Bradly Stadie - Third-Person Imitation Learning (2017)

History / Edit / PDF / EPUB / BIB /
Created: May 26, 2017 / Updated: March 22, 2020 / Status: finished / 2 min read (~361 words)

  • Learning in the third-person is posed as the adversarial challenge of replicating an expert trace (sequence of actions/states) which are considered as optimal under some unknown reward policy

  • One of the major weaknesses of RL is the need to manually specify a reward function
  • This weakness is addressed by the field of Inverse Reinforcement Learning (IRL)
    • Given a set of expert trajectories, IRL algorithms produce a reward function under which these expert trajectories enjoy the property of optimality
  • While IRL algorithms are appealing, they impose the somewhat unrealistic requirement that the demonstrations should be provided from the first-person point of view with respect to the agent
  • The high-level idea is to introduce an optimizer under which we can recover both a domain-agnostic representation of the agent's observations, and a cost function which utilizes this domain-agnostic representation to capture the essence of expert trajectories
  • The approach uses Trust Region Policy Optimization

  • In the (first-person) imitation learning setting, we are not given the reward function.
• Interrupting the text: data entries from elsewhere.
abbreviation survival :: "nat \<Rightarrow> real" where
  "survival i \<equiv> \<Prod>b<delta i. sigma b i"

lemma z_pos: "i < m \<Longrightarrow> 0 < cdm_z delta sigma i"
  using adult_survival_lt_1 by (simp add: cdm_z_def)

lemma survival_pos: "i < m \<Longrightarrow> 0 < survival i"
  using sigma_pos[of i] by (auto intro!: prod_pos)

lemma denom_eq: "i < m \<Longrightarrow> cdm_denom m delta A q y i = cdm_ltilde delta sigma lam i / cdm_z delta sigma i"
  using equilibrium[of i] q_pos[of i] z_pos[of i] by (simp add: cdm_denom_def field_simps)

lemma denom_pos: "i < m \<Longrightarrow> 0 < cdm_denom m delta A q y i"
  using denom_eq z_pos ltilde_gt_z by (metis divide_pos_pos order.strict_trans)

lemma survival_growth_eq_z:
  assumes i: "i < m"
  shows "survival i * cdm_G m lam A q i (cdm_adults m delta y) = cdm_z delta sigma i"
proof -
  have "cdm_ltilde delta sigma lam i = lam i * survival i" by (simp add: cdm_ltilde_def)
  then show ?thesis using z_pos[OF i] survival_pos[OF i] lam_pos[OF i]
    by (simp add: cdm_G_adults denom_eq[OF i] field_simps del: prod_zero_iff)
qed

lemma sensitivity_pos: "i < m \<Longrightarrow> 0 < cdm_sensitivity m delta lam A q y i"
  using lam_pos[of i] adults_pos[of i] q_pos[of i] denom_pos[of i] by (simp add: cdm_sensitivity_def)

lemma survival_sensitivity_diag_le_z:
  assumes i: "i < m"
  shows "survival i * cdm_sensitivity m delta lam A q y i * A $$ (i, i) \<le> cdm_z delta sigma i"
proof -
  let ?D = "cdm_denom m delta A q y i" and ?x = "y (delta i, i)"
  have "A $$ (i, i) * ?x \<le> (\<Sum>k<m. A $$ (i, k) * y (delta k, k))"
    using member_le_sum[of i "{..<m}" "\<lambda>k. A $$ (i, k) * y (delta k, k)"] i A_nonneg adults_pos
    by (simp add: less_imp_le)
  then have "A $$ (i, i) * ?x / q $ i \<le> (\<Sum>k<m. A $$ (i, k) * y (delta k, k)) / q $ i"
    using q_pos[OF i] by (simp add: divide_right_mono)
  also have "\<dots> \<le> ?D" by (simp add: cdm_denom_def)
  finally have "A $$ (i, i) * ?x / q $ i \<le> ?D" .
  then have ratio: "A $$ (i, i) * ?x / (q $ i * ?D) \<le> 1"
    using denom_pos[OF i] q_pos[OF i] by (simp add: field_simps)
  have "survival i * cdm_sensitivity m delta lam A q y i * A $$ (i, i)
      = survival i * cdm_G m lam A q i (cdm_adults m delta y) * (A $$ (i, i) * ?x / (q $ i * ?D))"
    by (simp add: cdm_sensitivity_def cdm_G_adults power2_eq_square field_simps)
  also have "\<dots> = cdm_z delta sigma i * (A $$ (i, i) * ?x / (q $ i * ?D))"
    by (simp add: survival_growth_eq_z[OF i])
  also have "\<dots> \<le> cdm_z delta sigma i"
    using mult_left_le[OF ratio] z_pos[OF i] by simp
  finally show ?thesis .
qed

lemma eigen_adults_zero:
  assumes "cdm_eigenfunction m delta sigma lam A q y V \<mu>" and \<mu>: "1 \<le> cmod \<mu>" and k: "k < m"
  shows "V (delta k, k) = 0"
proof -
  interpret cdm_eigenfunction m delta sigma lam A q y V \<mu> by fact
  obtain i where i: "i < m" and imax: "\<And>k. k < m \<Longrightarrow> cmod (V (delta k, k)) \<le> cmod (V (delta i, i))"
    using finite_has_max_index[of "{..<m}" "\<lambda>k. cmod (V (delta k, k))"] k by auto
  let ?R = "feedback i - of_real (A $$ (i, i)) * V (delta i, i)"
  have R: "cmod ?R \<le> (\<Sum>j\<in>{0..<m} - {i}. A $$ (i, j)) * cmod (V (delta i, i))"
    using offdiag_sum_norm_le[of i m "\<lambda>k. A $$ (i, k)" "\<lambda>k. V (delta k, k)"] i A_nonneg imax
    by (simp add: scaleR_conv_of_real)
  have "V (delta i, i) = 0"
  proof (rule eq_zero_if_feedback_dominated[OF _ R A_dominant[OF i]])
    show "\<mu> ^ delta i * (\<mu> - of_real (sigma (delta i) i)) * V (delta i, i)
      = of_real (cdm_z delta sigma i) * V (delta i, i)
        - of_real (survival i * cdm_sensitivity m delta lam A q y i)
          * (of_real (A $$ (i, i)) * V (delta i, i) + ?R)"
      using eigen_adult_characteristic[OF i] survival_growth_eq_z[OF i] by simp
    show "0 < survival i * cdm_sensitivity m delta lam A q y i"
      using survival_pos[OF i] sensitivity_pos[OF i] by simp
    show "survival i * cdm_sensitivity m delta lam A q y i * A $$ (i, i) \<le> cdm_z delta sigma i"
      by (rule survival_sensitivity_diag_le_z[OF i])
    show "cdm_z delta sigma i \<le> cmod (\<mu> ^ delta i * (\<mu> - of_real (sigma (delta i) i)))"
      using norm_power_mult_diff_ge[OF \<mu>, of "sigma (delta i) i"] sigma_pos[OF i order.refl]
      by (simp add: cdm_z_def)
  qed
  then show ?thesis using imax[OF k] by simp
qed

lemma jacobian_spectral_radius_lt_1:
  assumes "1 \<le> m"
  shows "spectral_radius (map_mat complex_of_real (cdm_jacobian m delta sigma lam A q y)) < 1"
proof (rule ccontr)
  let ?S = "cdm_states m delta"
  let ?M = "map_mat complex_of_real (cdm_jacobian m delta sigma lam A q y)"
  assume "\<not> spectral_radius ?M < 1"
  have M: "?M \<in> carrier_mat (length ?S) (length ?S)" using cdm_jacobian_carrier by simp
  have "(0, 0) \<in> set ?S" using assms by (simp add: mem_cdm_states)
  then have "0 < length ?S" by (rule length_pos_if_in_set)
  then obtain \<mu> where "spectral_radius ?M = cmod \<mu>" "eigenvalue ?M \<mu>"
    using spectral_radius_mem_max(1)[OF M] unfolding spectrum_def by auto
  with \<open>\<not> spectral_radius ?M < 1\<close> obtain v where \<mu>: "1 \<le> cmod \<mu>"
    and v: "v \<in> carrier_vec (length ?S)" "v \<noteq> 0\<^sub>v (length ?S)" "?M *\<^sub>v v = \<mu> \<cdot>\<^sub>v v"
    using M unfolding eigenvalue_def eigenvector_def by auto
  let ?V = "vec_on_list ?S v"
  have eigenfunction: "cdm_eigenfunction m delta sigma lam A q y ?V \<mu>"
    using cdm_jacobian_eigen_linearization[OF _ v(1,3)] denom_pos
    by unfold_locales (simp add: less_imp_neq[symmetric])
  have "\<mu> \<noteq> 0" using \<mu> by auto
  have V0: "?V p = 0" if "p \<in> set ?S" for p
    by (rule cdm_eigenfunction.eigen_zero_if_adults_zero[OF eigenfunction \<open>\<mu> \<noteq> 0\<close>
          eigen_adults_zero[OF eigenfunction \<mu>] that])
  have "v $ j = 0" if "j < length ?S" for j
    using V0[OF nth_mem[OF that]] vec_on_list_nth[OF distinct_cdm_states that, where v = v] by simp
  then have "v = 0\<^sub>v (length ?S)"
    using v(1) by (intro eq_vecI) auto
  with v(2) show False ..
qed

end

theorem proposition1:
  fixes m :: nat and delta :: "nat \<Rightarrow> nat" and sigma :: "nat \<Rightarrow> nat \<Rightarrow> real"
    and lam :: "nat \<Rightarrow> real" and A :: "real mat"
  assumes m: "m \<ge> 1"
    and sig_juv: "\<And>i a. i < m \<Longrightarrow> a < delta i \<Longrightarrow> 0 < sigma a i \<and> sigma a i \<le> 1"
    and sig_ad: "\<And>i. i < m \<Longrightarrow> 0 < sigma (delta i) i \<and> sigma (delta i) i < 1"
    and lam_pos: "\<And>i. i < m \<Longrightarrow> lam i > 0"
    and lt_z: "\<And>i. i < m \<Longrightarrow> cdm_ltilde delta sigma lam i > cdm_z delta sigma i \<and> cdm_z delta sigma i > 0"
    and A_dim: "A \<in> carrier_mat m m"
    and A_nonneg: "\<And>i j. i < m \<Longrightarrow> j < m \<Longrightarrow> A $$ (i, j) \<ge> 0"
    and A_dd: "\<And>i. i < m \<Longrightarrow> A $$ (i, i) > (\<Sum>j\<in>{0..<m} - {i}. A $$ (i, j))"
  shows "invertible_mat A
    \<and> (\<forall>x. dim_vec x = m \<and> (\<forall>i<m. x $ i > 0) \<longrightarrow>
          (\<exists>!q. dim_vec q = m \<and> (\<forall>i<m. q $ i > 0) \<and>
               A *\<^sub>v x = vec m (\<lambda>i. (cdm_ltilde delta sigma lam i - cdm_z delta sigma i)
                                     / cdm_z delta sigma i * q $ i)))
    \<and> (\<forall>q x y. dim_vec q = m \<and> (\<forall>i<m. q $ i > 0) \<and>
          dim_vec x = m \<and> (\<forall>i<m. x $ i > 0) \<and>
          A *\<^sub>v x = vec m (\<lambda>i. (cdm_ltilde delta sigma lam i - cdm_z delta sigma i)
                                / cdm_z delta sigma i * q $ i) \<and>
          (\<forall>p\<in>set (cdm_states m delta). cdm_h m delta sigma lam A q y p = y p) \<and>
          (\<forall>i<m. y (delta i, i) = x $ i)
        \<longrightarrow> spectral_radius (map_mat complex_of_real (cdm_jacobian m delta sigma lam A q y)) < 1)"
proof (intro conjI allI impI)
  show "invertible_mat A" by (rule diag_dominant_invertible_mat[OF A_dim A_nonneg A_dd])
next
  fix x :: "real vec" assume x: "dim_vec x = m \<and> (\<forall>i<m. x $ i > 0)"
  show "\<exists>!q. dim_vec q = m \<and> (\<forall>i<m. q $ i > 0) \<and>
      A *\<^sub>v x = vec m (\<lambda>i. (cdm_ltilde delta sigma lam i - cdm_z delta sigma i) / cdm_z delta sigma i * q $ i)"
    using x A_dim lt_z diag_dominant_mult_pos[OF A_dim A_nonneg A_dd, of x] by (intro ex1_pos_scaling) auto
next
  fix q x :: "real vec" and y :: "nat \<times> nat \<Rightarrow> real"
  assume H: "dim_vec q = m \<and> (\<forall>i<m. q $ i > 0) \<and> dim_vec x = m \<and> (\<forall>i<m. x $ i > 0) \<and>
    A *\<^sub>v x = vec m (\<lambda>i. (cdm_ltilde delta sigma lam i - cdm_z delta sigma i) / cdm_z delta sigma i * q $ i) \<and>
    (\<forall>p\<in>set (cdm_states m delta). cdm_h m delta sigma lam A q y p = y p) \<and> (\<forall>i<m. y (delta i, i) = x $ i)"
  txt \<open>The Jacobian depends on \<open>y\<close> only through the adult densities.\<close>
  interpret cdm_dominant_equilibrium m delta sigma lam A q y
  proof
    show "0 < sigma a i" if "i < m" "a \<le> delta i" for i a
      using sig_juv[OF that(1)] sig_ad[OF that(1)] that(2) by (cases "a = delta i") auto
    show "(\<Sum>k<m. A $$ (i, k) * y (delta k, k))
      = (cdm_ltilde delta sigma lam i - cdm_z delta sigma i) / cdm_z delta sigma i * q $ i" if "i < m" for i
      using H mult_mat_vec_index_sum[OF A_dim _ that, of x] that by simp
  qed (use H sig_ad lam_pos lt_z A_nonneg A_dd in auto)
  show "spectral_radius (map_mat complex_of_real (cdm_jacobian m delta sigma lam A q y)) < 1"
    by (rule jacobian_spectral_radius_lt_1[OF m])
qed

end
lemma eval_query_ct:
  assumes "is_symstruct (tf_voc \<Sigma>) \<Sigma>s \<Phi>" "atoms \<psi> \<subseteq> \<Sigma>"
  shows "eval_query E (xs, sym_fm \<Phi> (ct \<psi>)) ds \<longleftrightarrow>
           length ds = length xs \<and> leq_p T (val4 (sym4_apply \<Phi> E) (assign xs ds) \<psi>)"
proof -
  have "atoms (ct \<psi>) \<subseteq> tf_voc \<Sigma>"
    using atoms_ct_cf[OF assms(2)] by simp
  then show ?thesis
    by (simp add: eval_query_def eval_sym_fm[OF assms(1)] val4_ct_cf tf_sym4_apply)
qed

lemma tf_O_inf:
  "tf (O_inf (InfS xs \<psi> P pos) J) (Q, b) ds \<longleftrightarrow>
     tf J (Q, b) ds \<or>
     (Q, b) = (P, pos) \<and> length ds = length xs \<and> leq_p T (val4 J (assign xs ds) \<psi>)"
  by (cases pos; cases b) (auto simp: O_inf_def tf_apply lub_p_eq)

theorem proposition5p7:
  fixes \<Sigma> :: "('p \<times> nat) set" and \<Sigma>s :: "('s \<times> nat) set"
    and \<phi> :: "'p inf" and \<Phi> :: "('p \<times> bool, 's) symstruct"
    and E :: "('s, 'd) struct2"
  assumes "vocab \<Sigma>" and "vocab \<Sigma>s"
    and "inf_over \<Sigma> \<phi>"
    and "is_symstruct (tf_voc \<Sigma>) \<Sigma>s \<Phi>"
  shows "sym4_apply (S_inf \<phi> \<Phi>) E = O_inf \<phi> (sym4_apply \<Phi> E)"
proof -
  obtain xs \<psi> P pos where \<phi>: "\<phi> = InfS xs \<psi> P pos"
    by (cases \<phi>)
  with assms(3) have xs: "distinct xs" "fv \<psi> \<subseteq> set xs" and \<psi>: "atoms \<psi> \<subseteq> \<Sigma>"
    and P: "((P, pos), length xs) \<in> tf_voc \<Sigma>"
    by (auto simp: inf_over_def fm_over_def tf_voc_def)
  define J where "J = sym4_apply \<Phi> E"
  have "wf_query (xs, sym_fm \<Phi> (ct \<psi>))"
    using fv_sym_fm[OF assms(4) conjunct1[OF atoms_ct_cf[OF \<psi>]]] fv_ct_cf[of \<psi>] xs
    by (auto simp: wf_query_def)
  moreover have "wf_query (\<Phi> (P, pos))" "length (fst (\<Phi> (P, pos))) = length xs"
    using wf_query_symstruct[OF assms(4) P] by auto
  ultimately have "sym_apply (S_inf \<phi> \<Phi>) E (Q, b) ds = tf (O_inf \<phi> J) (Q, b) ds" for Q b ds
    by (cases "(Q, b) = (P, pos)")
      (auto simp: \<phi> S_inf_def tf_O_inf J_def tf_sym4_apply sym_apply_eq_eval_query
        eval_query_union eval_query_ct[OF assms(4) \<psi>])
  then have "tf (sym4_apply (S_inf \<phi> \<Phi>) E) = tf (O_inf \<phi> J)"
    by (simp add: tf_sym4_apply fun_eq_iff split_paired_all)
  then show ?thesis
    unfolding J_def by (rule injD[OF inj_tf])
qed

end
(* Let $p\ge 1$ and $c>0$ be constants. For every $\beta\ge 0$ the boundary value problem $$x'''+c\,x^p\, x''=0\ \text{ on } [0,\infty),\qquad x(0)=0=x'(0),\qquad \lim_{t\to\infty}x'(t)=\beta$$ has a solution. *)

theory Defs
  imports Complex_Main
begin

end

theory Submission
  imports Defs "HOL-Analysis.Analysis"
begin

(*
  If g is an antiderivative of x^p, the equation says that x'' exp(c g) is constant; normalising
  this constant to 1 gives the first-order system x' = x1, x1' = exp(-c g), g' = x^p.  This system
  has a global solution on [0, oo) by Banach's fixed point theorem: dividing the unknown exp(-c g)
  by a rapidly growing weight turns the corresponding Picard-type map into a contraction with
  constant 1/2 for the sup norm.  Along the solution x1 increases, so x and then g grow at least
  linearly, x1' decays exponentially and x1 tends to a limit L > 0.  Finally t \<mapsto> a x(a^p t)
  solves the equation again and multiplies the limit of x' by a^(p+1); choosing a^(p+1) = beta / L
  gives the claim, and x = 0 handles beta = 0.
*)

lemma integrable_on_atLeastAtMost_if_continuous_on_atLeast:
  fixes f :: "real \<Rightarrow> real"
  assumes "continuous_on {a..} f"
  shows "f integrable_on {a..b}"
  by (rule integrable_continuous_real) (auto intro: continuous_on_subset[OF assms])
Instead we are given traces (i.e., sequences of states traversed) by an expert who acts according to an unknown policy $\pi_E$. The goal is to find a policy $\pi_\theta$ that performs as well as the expert against the unknown reward function
  • Find a policy $\pi_\theta$ that makes it impossible for a discriminator to distinguish states visited by the expert from states visited by the imitator agent

  • Formally, the third-person imitation learning problem can be stated as follows
  • Suppose we are given two Markov Decision Processes $M_{\pi_E}$ and $M_{\pi_\theta}$
  • Suppose further there exists a set of traces $\rho = \{(s_1, \dots, s_n)\}_{i=0}^n$ which were generated under a policy $\pi_E$ acting optimally under some unknown reward $R_{\pi_E}$
  • In third-person imitation learning, one attempts to recover by proxy through $\rho$ a policy $\pi_\theta = f(\rho)$ which acts optimally with respect to $R_{\pi_\theta}$

  • Stadie, Bradly C., Pieter Abbeel, and Ilya Sutskever. "Third-Person Imitation Learning." arXiv preprint arXiv:1703.01703 (2017).